Grilled Stuffed Peppers
After hearing the recipe described at a local Italian restaurant, I decided to try to make these peppers at home. Everyone enjoyed the pretty green “shells” brimming with a hearty filling.
Total TimePrep: 30 min. Grill: 30 min.
- 3 large green peppers
- 1 large tomato, peeled, seeded and chopped
- 1 cup shredded part-skim mozzarella cheese
- 1/4 cup grated Parmesan cheese
- 2 tablespoons minced fresh basil
- 2 teaspoons dried oregano
- 1-1/2 pounds Johnsonville® Ground Mild Italian sausage
- Additional shredded part-skim mozzarella cheese
- Cut peppers in half lengthwise; remove stems and seeds. Set aside. In a large bowl, combine the tomato, cheeses, basil and oregano. Crumble sausage over mixture and mix well. Spoon into pepper halves.

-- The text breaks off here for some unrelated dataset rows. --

text \<open>A combination of translates \<open>x \<mapsto> b (x + \<beta> l)\<close> is constant between consecutive points
  of the set \<open>Q\<close> of shifted breakpoints reduced modulo 1, so on \<open>[0, 1)\<close> it only takes the
  values it takes on \<open>Q\<close>.\<close>

lemma image_sum_translates_subset:
  fixes c \<beta> :: "'i \<Rightarrow> real" and I :: "'i set"
  defines "f \<equiv> (\<lambda>x. \<Sum>l\<in>I. c l * real_of_int (b (x + \<beta> l)))"
    and "Q \<equiv> insert 0 ((\<lambda>(i, l). frac (d i - \<beta> l)) ` ({..<N} \<times> I))"
  assumes "finite I"
  shows "f ` {0..<1} \<subseteq> f ` Q"
proof
  have "finite Q" using \<open>finite I\<close> by (simp add: Q_def)
  fix y assume "y \<in> f ` {0..<1}"
  then obtain x where x: "0 \<le> x" "x < 1" "y = f x" by auto
  define T where "T = {q\<in>Q. q \<le> x}"
  have "finite T" "0 \<in> T" using \<open>finite Q\<close> x by (simp_all add: T_def Q_def)
  define q where "q = Max T"
  have "q \<in> T" unfolding q_def using \<open>finite T\<close> \<open>0 \<in> T\<close> by (intro Max_in) auto
  then have q: "q \<in> Q" "q \<le> x" "0 \<le> q" by (auto simp: T_def Q_def frac_ge_0)
  have "b (q + \<beta> l) = b (x + \<beta> l)" if l: "l \<in> I" for l
  proof (rule b_eq_if_no_breakpoint)
    fix i z assume i: "i < N" and "q + \<beta> l < d i + real_of_int z" "d i + real_of_int z \<le> x + \<beta> l"
    then have w: "q < d i + real_of_int z - \<beta> l" "d i + real_of_int z - \<beta> l \<le> x" by simp_all
    then have "frac (d i - \<beta> l) = d i + real_of_int z - \<beta> l"
      using q x by (auto simp: frac_unique_iff intro!: Ints_minus Ints_of_int[of "-z", simplified])
    then have "d i + real_of_int z - \<beta> l \<in> Q" using i l by (force simp: Q_def)
    then have "d i + real_of_int z - \<beta> l \<in> T" using w by (simp add: T_def)
    then have "d i + real_of_int z - \<beta> l \<le> q" unfolding q_def using \<open>finite T\<close> by simp
    then show False using w by simp
  qed (use q x in auto)
  then have "f x = f q" unfolding f_def by (intro sum.cong) auto
  then show "y \<in> f ` Q" using x q by auto
qed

- Prepare grill for indirect heat, using a drip pan. Place peppers over drip pan. Grill, covered, over indirect medium heat for 30-35 minutes or until sausage is no longer pink and peppers are tender. Sprinkle with additional cheese.
Nutrition Facts1 each: 479 calories, 40g fat (15g saturated fat), 100mg cholesterol, 972mg sodium, 7g carbohydrate (3g sugars, 2g fiber), 23g protein.